6 – Belle-Ile, Phare de Kerdonis

                                                Maison-phare de Kerdonis, Belle-Ile. Photo : Bretagne.com

De retour à Palais, Yves Kervadec et Dominique Vétoldi se retrouvent dans le bureau du capitaine, à la gendarmerie. Dominique Vétoldi tire la conclusion de leur escapade à Hoëdic :
— Après ce que nous a dit Awenig, l’urgence serait que je fasse la connaissance de Swan Smith, qu’en penses-tu ?
— Oui, je suis d’accord et aussi, de l’employée de maison des Colombo. Ce serait facile, car, je te le rappelle, elle est gardienne de la propriété avec son mari.
— Bon, O.K., comment pourrais-je la rencontrer ?
— Vétoldi, vous voulez me faire faire votre boulot ! Voici comment je procèderais à ta place : je commencerais par voir le pêcheur, ce soir, au retour de son bateau, sur le port, disons vers 17 heures.
— J’y serai. Comment s’appelle l’employée de maison des Colombo et que sais-tu d’elle ?

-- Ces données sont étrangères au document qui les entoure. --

(* Let $\beta\ge 1$ and let $R=(S^0,\dots,S^T)$ be a $\beta$-bounded $T$-covering in a congestion game in which every delay function is $f(x)=x$, and assume $\mathrm{OPT}>0$. Then $$\frac{\sum_{e\in E}n_e(S^T)\,n_e(S^* )}{\mathrm{OPT}}\le\sqrt{2\,\frac{\rho(R)}{\mathrm{OPT}}}.$$
   Context: A congestion game has players $N=\{1,\dots,n\}$, a finite resource set $E$ and strategy sets $\Sigma_i\subseteq 2^E$. For a profile $S=(s_1,\dots,s_n)$, $n_e(S)=|\{i: e\in s_i\}|$. Here all delays are $f(x)=x$, so the cost of player $i$ is $c_i(S)=\sum_{e\in s_i}n_e(S)$ and the social cost is $C(S)=\sum_i c_i(S)=\sum_{e\in E}n_e(S)^2$. Fix an optimal profile $S^*=(s_1^*,\dots,s_n^* )$ minimizing $C$ and write $\mathrm{OPT}=C(S^* )$. A best response of player $i$ in $S$ is a strategy $s_i^b\in\Sigma_i$ minimizing $c_i(S_{-i},\cdot)$ over $\Sigma_i$ (where $(S_{-i},s_i')$ replaces $s_i$ by $s_i'$); if no strategy strictly decreases $i$'s cost, the best response is $s_i$ itself. A $T$-covering is a sequence of profiles $R=(S^0,\dots,S^T)$ together with players $\pi(1),\dots,\pi(T)$ such that for each $1\le t\le T$, $S^t=(S^{t-1}_{-\pi(t)},s')$ where $s'$ is a best response of $\pi(t)$ in $S^{t-1}$, and every player of $N$ occurs at least once among $\pi(1),\dots,\pi(T)$. It is $\beta$-bounded if every player occurs at most $\beta$ times among $\pi(1),\dots,\pi(T)$. For each player $i$, $\mathrm{last}(i)=\max\{t:\pi(t)=i\}$. Define $\rho(R)=\sum_{i=1}^n\sum_{e\in s_i^*}\bigl(n_e(S^{\mathrm{last}(i)-1})+1\bigr)$. *)

theory Defs
  imports Complex_Main
begin

text \<open>Congestion game with players N, resources E, strategy sets Sig i \<subseteq> Pow E,
  all delays f(x) = x. A profile is a function from players to strategies.\<close>

definition load :: "'p set \<Rightarrow> ('p \<Rightarrow> 'e set) \<Rightarrow> 'e \<Rightarrow> nat" where
  "load N S e = card {i \<in> N. e \<in> S i}"

definition pcost :: "'p set \<Rightarrow> ('p \<Rightarrow> 'e set) \<Rightarrow> 'p \<Rightarrow> nat" where
  "pcost N S i = (\<Sum>e\<in>S i. load N S e)"

definition social_cost :: "'p set \<Rightarrow> ('p \<Rightarrow> 'e set) \<Rightarrow> nat" where
  "social_cost N S = (\<Sum>i\<in>N. pcost N S i)"
lemma chernoff_exponent:
  fixes n :: nat and S \<alpha> :: real
  assumes n: "0 < n" and S: "0 < S" and \<alpha>: "0 < \<alpha>"
  defines "\<theta> \<equiv> 2 * \<alpha> / (real n * S\<^sup>2 + 2 * \<alpha> * S)"
  shows "0 \<le> \<theta>" "\<theta> * S < 1"
    "exp (- \<theta> * (\<alpha> + real n * S / 2)) * (1 / sqrt (1 - \<theta> * S)) ^ n
       \<le> exp (- \<alpha>\<^sup>2 / (real n * S\<^sup>2 + 2 * \<alpha> * S))"
proof -
  define D where "D = real n * S\<^sup>2 + 2 * \<alpha> * S"
  have nS: "0 < real n * S\<^sup>2" using n S by simp
  have D: "0 < D" using nS S \<alpha> unfolding D_def by (simp add: add_pos_pos)
  have lam: "\<theta> = 2 * \<alpha> / D" by (simp add: \<theta>_def D_def)
  show "0 \<le> \<theta>" using D \<alpha> by (simp add: lam)
  have "1 - \<theta> * S = (D - 2 * \<alpha> * S) / D" using D by (simp add: lam field_simps)
  also have "D - 2 * \<alpha> * S = real n * S\<^sup>2" by (simp add: D_def)
  finally have q: "1 - \<theta> * S = real n * S\<^sup>2 / D" .
  have "0 < real n * S\<^sup>2 / D" using nS D by simp
  then show "\<theta> * S < 1" using q by linarith
  define x where "x = D / (real n * S\<^sup>2)"
  have x1: "1 \<le> x" unfolding x_def using nS S \<alpha> by (subst le_divide_eq_1_pos) (auto simp: D_def)
  have sx: "1 / sqrt (1 - \<theta> * S) = sqrt x" unfolding q x_def using nS D
    by (simp add: real_sqrt_divide)
  have "sqrt x ^ n = exp (real n * (ln x / 2))"
  proof -
    have "sqrt x = exp (ln x / 2)" using x1 powr_half_sqrt[of x] by (simp add: powr_def)
    then show ?thesis by (simp add: exp_of_nat_mult[symmetric])
  qed
  then have "exp (- \<theta> * (\<alpha> + real n * S / 2)) * (1 / sqrt (1 - \<theta> * S)) ^ n
      = exp (- \<theta> * (\<alpha> + real n * S / 2) + real n * (ln x / 2))" by (simp add: sx mult_exp_exp)
  also have "\<dots> \<le> exp (- \<theta> * (\<alpha> + real n * S / 2) + real n * ((x - 1/x) / 4))"
    using ln_le_half[OF x1] n by simp
  also have "- \<theta> * (\<alpha> + real n * S / 2) + real n * ((x - 1/x) / 4) = - \<alpha>\<^sup>2 / D"
  proof -
    have N: "real n \<noteq> 0" "S \<noteq> 0" "D \<noteq> 0" using n S D by auto
    have D': "D = real n * S\<^sup>2 + 2 * \<alpha> * S" by (simp add: D_def)
    show ?thesis unfolding lam x_def using N
      by (simp add: field_simps power2_eq_square) (simp add: D' algebra_simps power2_eq_square)
  qed
  finally show "exp (- \<theta> * (\<alpha> + real n * S / 2)) * (1 / sqrt (1 - \<theta> * S)) ^ n
       \<le> exp (- \<alpha>\<^sup>2 / (real n * S\<^sup>2 + 2 * \<alpha> * S))" by (simp add: D_def)
qed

— Son nom est Calmech Walsh. Elle est Irlandaise. C’est une femme qui a eu onze enfants. Quand elle a quitté son pays pour travailler pour les Colombo, sa mère s’est installée chez elle, pour s’occuper des plus jeunes.
— Est-ce qu’elle était déjà là du temps de la première femme ?

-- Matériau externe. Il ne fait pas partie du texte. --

lemma prob_sample_coords_card_deviation:
  fixes T :: "'n::finite set"
  assumes p: "0 \<le> p" "p \<le> 1" and e: "0 < e" "e < 1"
  defines "\<mu> \<equiv> p * real (card T)"
  shows "measure_pmf.prob (sample_coords p)
           {S. real (card (T \<inter> S)) \<le> (1 - e) * \<mu> \<or> (1 + e) * \<mu> \<le> real (card (T \<inter> S))}
         \<le> 2 * exp (- (e\<^sup>2 * \<mu> / 4))"
proof -
  let ?Pr = "measure_pmf.prob (sample_coords p)"
  txt \<open>Both tails use the exponential moment with s = \<plusminus>e/2.\<close>
  have "{S. (1 + e) * \<mu> \<le> real (card (T \<inter> S))} = {S. e/2 * ((1 + e) * \<mu>) \<le> e/2 * real (card (T \<inter> S))}"
    using e by auto
  then have upper: "?Pr {S. (1 + e) * \<mu> \<le> real (card (T \<inter> S))} \<le> exp (- (e\<^sup>2 * \<mu> / 4))"
    using prob_sample_coords_card_tail[OF p, of "e/2" "e/2 * ((1 + e) * \<mu>)" T] e
    by (simp add: \<mu>_def algebra_simps power2_eq_square)
  have "{S. real (card (T \<inter> S)) \<le> (1 - e) * \<mu>} = {S. - e/2 * ((1 - e) * \<mu>) \<le> - e/2 * real (card (T \<inter> S))}"
    using e by auto
  then have lower: "?Pr {S. real (card (T \<inter> S)) \<le> (1 - e) * \<mu>} \<le> exp (- (e\<^sup>2 * \<mu> / 4))"
    using prob_sample_coords_card_tail[OF p, of "- e/2" "- e/2 * ((1 - e) * \<mu>)" T] e
    by (simp add: \<mu>_def algebra_simps power2_eq_square)
  have "?Pr {S. real (card (T \<inter> S)) \<le> (1 - e) * \<mu> \<or> (1 + e) * \<mu> \<le> real (card (T \<inter> S))}
        \<le> ?Pr {S. real (card (T \<inter> S)) \<le> (1 - e) * \<mu>} + ?Pr {S. (1 + e) * \<mu> \<le> real (card (T \<inter> S))}"
    by (subst Collect_disj_eq) (rule measure_Un_le; simp)
  then show ?thesis using upper lower by simp
qed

— Bien sûr, c’est elle qui l’avait embauchée.
— C’est étonnant que la deuxième l’ait gardée.
— Non, parce que  c’est compliqué de licencier une personne quand vous la logez. Et puis, la deuxième femme, elle venait peu. Je crois aussi que Monsieur Colombo lui faisait confiance.
— Bien, quelle heure est-il ?
— Quinze heures.
— Donc, j’ai le temps de la voir avant de rencontrer le pêcheur, j’y vais tout de suite.

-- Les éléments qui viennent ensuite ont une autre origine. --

lemma sat_primes_below_in_parts_fm [simp]:
  assumes "partition_env e" "y < b" "q < b" "is_row (e q)"
  shows "sat e (primes_below_in_parts_fm y q b) \<longleftrightarrow>
    (\<forall>a. prime a \<and> a < row_value (e q) \<longrightarrow> a \<in> set (e y))"
  using assms prime_gt_0_nat
  by (auto simp: primes_below_in_parts_fm_def in_set_iff_nth_part young_le_rows rows_eq_iff)

definition parts_eq_primes_below_fm :: "nat \<Rightarrow> nat \<Rightarrow> nat \<Rightarrow> fm" where
  "parts_eq_primes_below_fm y q b =
     Conj (parts_primes_below_fm y q b) (primes_below_in_parts_fm y q b)"

lemma sat_parts_eq_primes_below_fm [simp]:
  assumes "partition_env e" "y < b" "q < b" "is_row (e q)"
  shows "sat e (parts_eq_primes_below_fm y q b) \<longleftrightarrow> set (e y) = {p. prime p \<and> p < row_value (e q)}"
  using assms by (auto simp: parts_eq_primes_below_fm_def)

definition parts_distinct_fm :: "nat \<Rightarrow> nat \<Rightarrow> fm" where
  "parts_distinct_fm y b =
     All_column b (All_column (Suc b) (All_row (b + 2)
       (Imp (Conj (nth_part_fm y b (b + 2) (b + 3))
          (Conj (nth_part_fm y (Suc b) (b + 2) (b + 3)) (Neg (empty_fm (b + 2) (b + 3)))))
        (Eq (Var b) (Var (Suc b))))))"

lemma sat_parts_distinct_fm [simp]:
  assumes "partition_env e" "y < b"
  shows "sat e (parts_distinct_fm y b) \<longleftrightarrow> distinct (e y)"
  using assms by (auto simp: parts_distinct_fm_def distinct_iff_nth_part)

lemma card_less_enumerate:
  assumes inf: "infinite (S::nat set)"
  shows "card {p \<in> S. p < enumerate S n} = n"
proof -
  have "{p \<in> S. p < enumerate S n} = enumerate S ` {..<n}"
  proof
    show "{p \<in> S. p < enumerate S n} \<subseteq> enumerate S ` {..<n}"
    proof
      fix p assume p: "p \<in> {p \<in> S. p < enumerate S n}"
      then obtain k where k: "enumerate S k = p" using enumerate_Ex[OF inf] by blast
      then have "k < n" using p inf by auto
      then show "p \<in> enumerate S ` {..<n}" using k by auto
    qed
    show "enumerate S ` {..<n} \<subseteq> {p \<in> S. p < enumerate S n}"
      using inf by (auto intro: enumerate_in_set)
  qed
  moreover have "inj_on (enumerate S) {..<n}"
    using inj_enumerate[OF inf] by (simp add: inj_on_def inj_def)
  ultimately show ?thesis by (simp add: card_image)
qed

lemma nth_prime_iff_card:
  assumes "1 \<le> n"
  shows "prime q \<and> n = Suc (card {p. prime p \<and> p < q}) \<longleftrightarrow> q = nth_prime n"
proof -
  let ?S = "{p::nat. prime p}"
  have inf: "infinite ?S" by (rule primes_infinite)
  have card: "card {p. prime p \<and> p < enumerate ?S k} = k" for k
    using card_less_enumerate[OF inf, of k] by simp
  show ?thesis
  proof
    assume q: "prime q \<and> n = Suc (card {p. prime p \<and> p < q})"
    then obtain k where k: "enumerate ?S k = q" using enumerate_Ex[OF inf, of q] by auto
    then have "n - 1 = k" using q card[of k] by auto
    then show "q = nth_prime n" using k by (simp add: nth_prime_def)
  next
    assume "q = nth_prime n"
    then have q: "q = enumerate ?S (n - 1)" by (simp add: nth_prime_def)
    then have "prime q" using enumerate_in_set[OF inf] by auto
    then show "prime q \<and> n = Suc (card {p. prime p \<and> p < q})" using card[of "n - 1"] q assms by simp
  qed
qed

lemma prime_nth_prime: "prime (nth_prime n)"
  using enumerate_in_set[OF primes_infinite] by (simp add: nth_prime_def)

text \<open>
  q = p_n iff q is prime and some partition lists the primes below q, each once, in n - 1
  parts.
\<close>

definition nth_prime_fm :: "nat \<Rightarrow> nat \<Rightarrow> nat \<Rightarrow> fm" where
  "nth_prime_fm n q b = Conj (prime_fm q b)
     (Ex b (Conj (parts_eq_primes_below_fm b q (Suc b)) (Conj (parts_distinct_fm b (Suc b))
       (Ex_column (Suc b) (Conj (length_eq_fm b (Suc b) (b + 2))
         (Ex_column (b + 2) (Conj (column_succ_fm (Suc b) (b + 2) (b + 3))
           (row_of_length_fm n (b + 2) (b + 3)))))))))"

lemma sat_nth_prime_fm [simp]:
  assumes "partition_env e" "n < b" "q < b" "is_row (e n)"
  shows "sat e (nth_prime_fm n q b) \<longleftrightarrow>
    is_row (e q) \<and> 1 \<le> row_value (e n) \<and> row_value (e q) = nth_prime (row_value (e n))"
proof -
  let ?P = "{p. prime p \<and> p < row_value (e q)}"
  have "finite ?P" "0 \<notin> ?P" by auto
  then have primes_below: "(\<exists>y. is_partition y \<and> set y = ?P \<and> distinct y \<and>
      row_value (e n) = Suc (length y)) \<longleftrightarrow> row_value (e n) = Suc (card ?P)"
    by (rule ex_distinct_partition_iff)
  have "sat e (nth_prime_fm n q b) \<longleftrightarrow> is_row (e q) \<and> prime (row_value (e q)) \<and>
      (\<exists>y. is_partition y \<and> set y = ?P \<and> distinct y \<and> row_value (e n) = Suc (length y))"
    using assms by (simp add: nth_prime_fm_def cong: conj_cong)
  also have "\<dots> \<longleftrightarrow> is_row (e q) \<and> prime (row_value (e q)) \<and> row_value (e n) = Suc (card ?P)"
    by (simp only: primes_below)
  also have "\<dots> \<longleftrightarrow> is_row (e q) \<and> 1 \<le> row_value (e n) \<and> row_value (e q) = nth_prime (row_value (e n))"
  proof (cases "1 \<le> row_value (e n)")
    case True
    then show ?thesis using nth_prime_iff_card[OF True, of "row_value (e q)"] by simp
  qed simp
  finally show ?thesis .
qed

subsection \<open>The graph of the code\<close>

definition double_step :: "nat \<Rightarrow> nat \<Rightarrow> nat \<Rightarrow> nat \<Rightarrow> fm" where
  "double_step i u v c = add_fm u u v c"

lemma defines_step_double: "defines_step double_step (\<lambda>_ u. u + u) e b N"
  by (auto simp: defines_step_def double_step_def)

definition power_of_two_fm :: "nat \<Rightarrow> nat \<Rightarrow> nat \<Rightarrow> fm" where
  "power_of_two_fm x y b = Ex b (Conj (unit_fm b (Suc b)) (iterate_fm x b y double_step (Suc b)))"

lemma sat_power_of_two_fm [simp]:
  assumes "partition_env e" "x < b" "y < b" "is_row (e y)"
  shows "sat e (power_of_two_fm x y b) \<longleftrightarrow>
    1 \<le> length (e x) \<and> row_value (e y) = 2 ^ (length (e x) - 1)"
proof -
  have "sat (e(b := [Suc 0])) (iterate_fm x b y double_step (Suc b)) \<longleftrightarrow>
      1 \<le> length (e x) \<and> row_value (e y) = 2 ^ (length (e x) - 1)"
    using sat_iterate_fm[where e = "e(b := [Suc 0])" and b = "Suc b" and L = x and s = b and r = y,
        OF _ _ _ _ _ _ _ _ defines_step_double] assms
    by (simp add: backward_iter_double)
  then show ?thesis using assms by (simp add: power_of_two_fm_def cong: conj_cong)
qed

definition prime_code_step :: "nat \<Rightarrow> nat \<Rightarrow> nat \<Rightarrow> nat \<Rightarrow> nat \<Rightarrow> fm" where
  "prime_code_step x i u v c =
     Ex_row c (Conj (nth_part_fm x i c (Suc c)) (Ex_row (Suc c)
       (Conj (nth_prime_fm c (Suc c) (Suc (Suc c))) (mult_fm (Suc c) u v (Suc (Suc c))))))"

lemma sat_prime_code_step:
  assumes "partition_env e" "x < c" "i < c" "u < c" "v < c" "is_row (e u)" "is_row (e v)"
    "1 \<le> length (e i)" "length (e i) \<le> length (e x)"
  shows "sat e (prime_code_step x i u v c) \<longleftrightarrow>
    row_value (e v) = nth_prime (nth_part (e x) (length (e i))) * row_value (e u)"
proof -
  have "0 < nth_part (e x) (length (e i))"
    using assms partition_pos[of "e x"] by (simp add: nth_part_def)
  then show ?thesis using assms by (simp add: prime_code_step_def)
qed

lemma defines_step_prime_code:
  "x < b \<Longrightarrow>
    defines_step (prime_code_step x) (\<lambda>j u. nth_prime (nth_part (e x) j) * u) e b
      (Suc (length (e x)))"
  by (auto simp: defines_step_def sat_prime_code_step dest: spec[of _ x])

lemma backward_iter_prime_code:
  assumes "k \<le> length \<sigma>"
  shows "backward_iter (\<lambda>j u. nth_prime (nth_part \<sigma> j) * u) (Suc (length \<sigma>)) s k =
    s * prod_list (map nth_prime (drop (length \<sigma> - k) \<sigma>))"
  using assms
proof (induction k)
  case (Suc k)
  let ?i = "length \<sigma> - Suc k"
  have i: "?i < length \<sigma>" using Suc.prems by simp
  have "drop ?i \<sigma> = \<sigma> ! ?i # drop (length \<sigma> - k) \<sigma>"
    using Cons_nth_drop_Suc[OF i] Suc.prems by (simp add: Suc_diff_Suc)
  moreover have "nth_part \<sigma> (length \<sigma> - k) = \<sigma> ! ?i"
    using Suc.prems by (simp add: nth_part_def)
  ultimately show ?case using Suc by (simp add: ac_simps)
qed simp

text \<open>The product runs along a column of length |x| + 1, whose |x| steps multiply by p_(x_j).\<close>

definition prime_code_fm :: "nat \<Rightarrow> nat \<Rightarrow> nat \<Rightarrow> fm" where
  "prime_code_fm x y b =
     Ex_column b (Conj (length_eq_fm x b (Suc b))
       (Ex_column (Suc b) (Conj (column_succ_fm b (Suc b) (b + 2))
         (Ex (b + 2) (Conj (unit_fm (b + 2) (b + 3))
           (iterate_fm (Suc b) (b + 2) y (prime_code_step x) (b + 3)))))))"

lemma sat_prime_code_fm [simp]:
  assumes "partition_env e" "x < b" "y < b" "is_row (e y)"
  shows "sat e (prime_code_fm x y b) \<longleftrightarrow> row_value (e y) = prod_list (map nth_prime (e x))"
proof -
  let ?e = "e(b := replicate (length (e x)) (Suc 0),
    Suc b := Suc 0 # replicate (length (e x)) (Suc 0),
    b + 2 := [Suc 0])"
  have step: "defines_step (prime_code_step x) (\<lambda>j u. nth_prime (nth_part (?e x) j) * u) ?e (b + 3)
      (length (?e (Suc b)))"
    using defines_step_prime_code[of x "b + 3" ?e] assms by simp
  have "sat ?e (iterate_fm (Suc b) (b + 2) y (prime_code_step x) (b + 3)) \<longleftrightarrow>
      row_value (e y) = prod_list (map nth_prime (e x))"
    using sat_iterate_fm[where e = ?e and b = "b + 3" and L = "Suc b" and s = "b + 2" and r = y,
        OF _ _ _ _ _ _ _ _ step] assms
      prime_gt_0_nat[OF prime_nth_prime]
    by (simp add: backward_iter_prime_code Suc_le_eq)
  then show ?thesis using assms by (simp add: prime_code_fm_def cong: conj_cong)
qed

definition code_graph_fm :: fm where
  "code_graph_fm =
     Disj (Conj (empty_fm 0 2) (empty_fm 1 2))
    (Disj (Conj (Neg (empty_fm 0 2))
            (Conj (column_fm 0 2) (Conj (row_fm 1) (power_of_two_fm 0 1 2))))
          (Conj (Neg (column_fm 0 2)) (Conj (row_fm 1) (prime_code_fm 0 1 2))))"

lemma code_eq_if:
  "code \<sigma> = (if \<sigma> = [] then 0 else if is_column \<sigma> then 2 ^ (length \<sigma> - 1)
     else prod_list (map nth_prime \<sigma>))"
  by (simp add: code_def is_column_def)

lemma sat_code_graph_fm:
  assumes e: "partition_env e"
  shows "sat e code_graph_fm \<longleftrightarrow> e 1 = single_part (code (e 0))"
proof -
  have row_iff: "e 1 = single_part m \<longleftrightarrow> is_row (e 1) \<and> row_value (e 1) = m" for m
    using e row_eq_single_part[of "e 1"] by auto
  consider "e 0 = []" | "e 0 \<noteq> []" "is_column (e 0)" | "\<not> is_column (e 0)"
    by (auto simp: is_column_def)
  then show ?thesis
  proof cases
    case 1
    then show ?thesis
      using e by (simp add: code_graph_fm_def code_eq_if is_column_def single_part_def)
  next
    case 2
    then have "sat e code_graph_fm \<longleftrightarrow> is_row (e 1) \<and> row_value (e 1) = 2 ^ (length (e 0) - 1)"
      using e by (simp add: code_graph_fm_def Suc_le_eq cong: conj_cong)
    then show ?thesis using 2 row_iff by (simp add: code_eq_if)
  next
    case 3
    then have "e 0 \<noteq> []" by (auto simp: is_column_def)
    then have "sat e code_graph_fm \<longleftrightarrow>
        is_row (e 1) \<and> row_value (e 1) = prod_list (map nth_prime (e 0))"
      using 3 e by (simp add: code_graph_fm_def cong: conj_cong)
    then show ?thesis using 3 row_iff \<open>e 0 \<noteq> []\<close> by (simp add: code_eq_if)
  qed
qed

named_theorems fv_subset

lemma fv_iff_fm [simp]: "fv (iff_fm \<phi> \<psi>) = fv \<phi> \<union> fv \<psi>"
  by (auto simp: iff_fm_def)

lemma fv_empty_fm [fv_subset]: "fv (empty_fm x b) \<subseteq> {x}"
  by (auto simp: empty_fm_def)

lemma fv_unit_fm [fv_subset]: "fv (unit_fm x b) \<subseteq> {x}"
  by (auto simp: unit_fm_def empty_fm_def)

— Préviens-la avant de te pointer, elle ne t’ouvrirait pas, le portail est fermé à clé et il y a une caméra. J’ai son téléphone, parce qu’elle m’a appelé l’été dernier, pour me dire qu’il y avait des gens qui rôdaient autour de la propriété, elle voulait que j’envoie quelqu’un.
— Vous l’avez fait ?
— Pas immédiatement, mais plus tard, oui, deux gendarmes se sont rendus sur place, mais quand ils sont arrivés, les oiseaux s’étaient envolés, il n’y avait plus personne. Voilà son numéro, j’ai son fixe et son portable. Tu veux que ce soit moi qui l’appelle ?
— Non merci, je vais le faire, n’oublie pas que je suis chargé d’une enquête privée pour le compte de sa première patronne.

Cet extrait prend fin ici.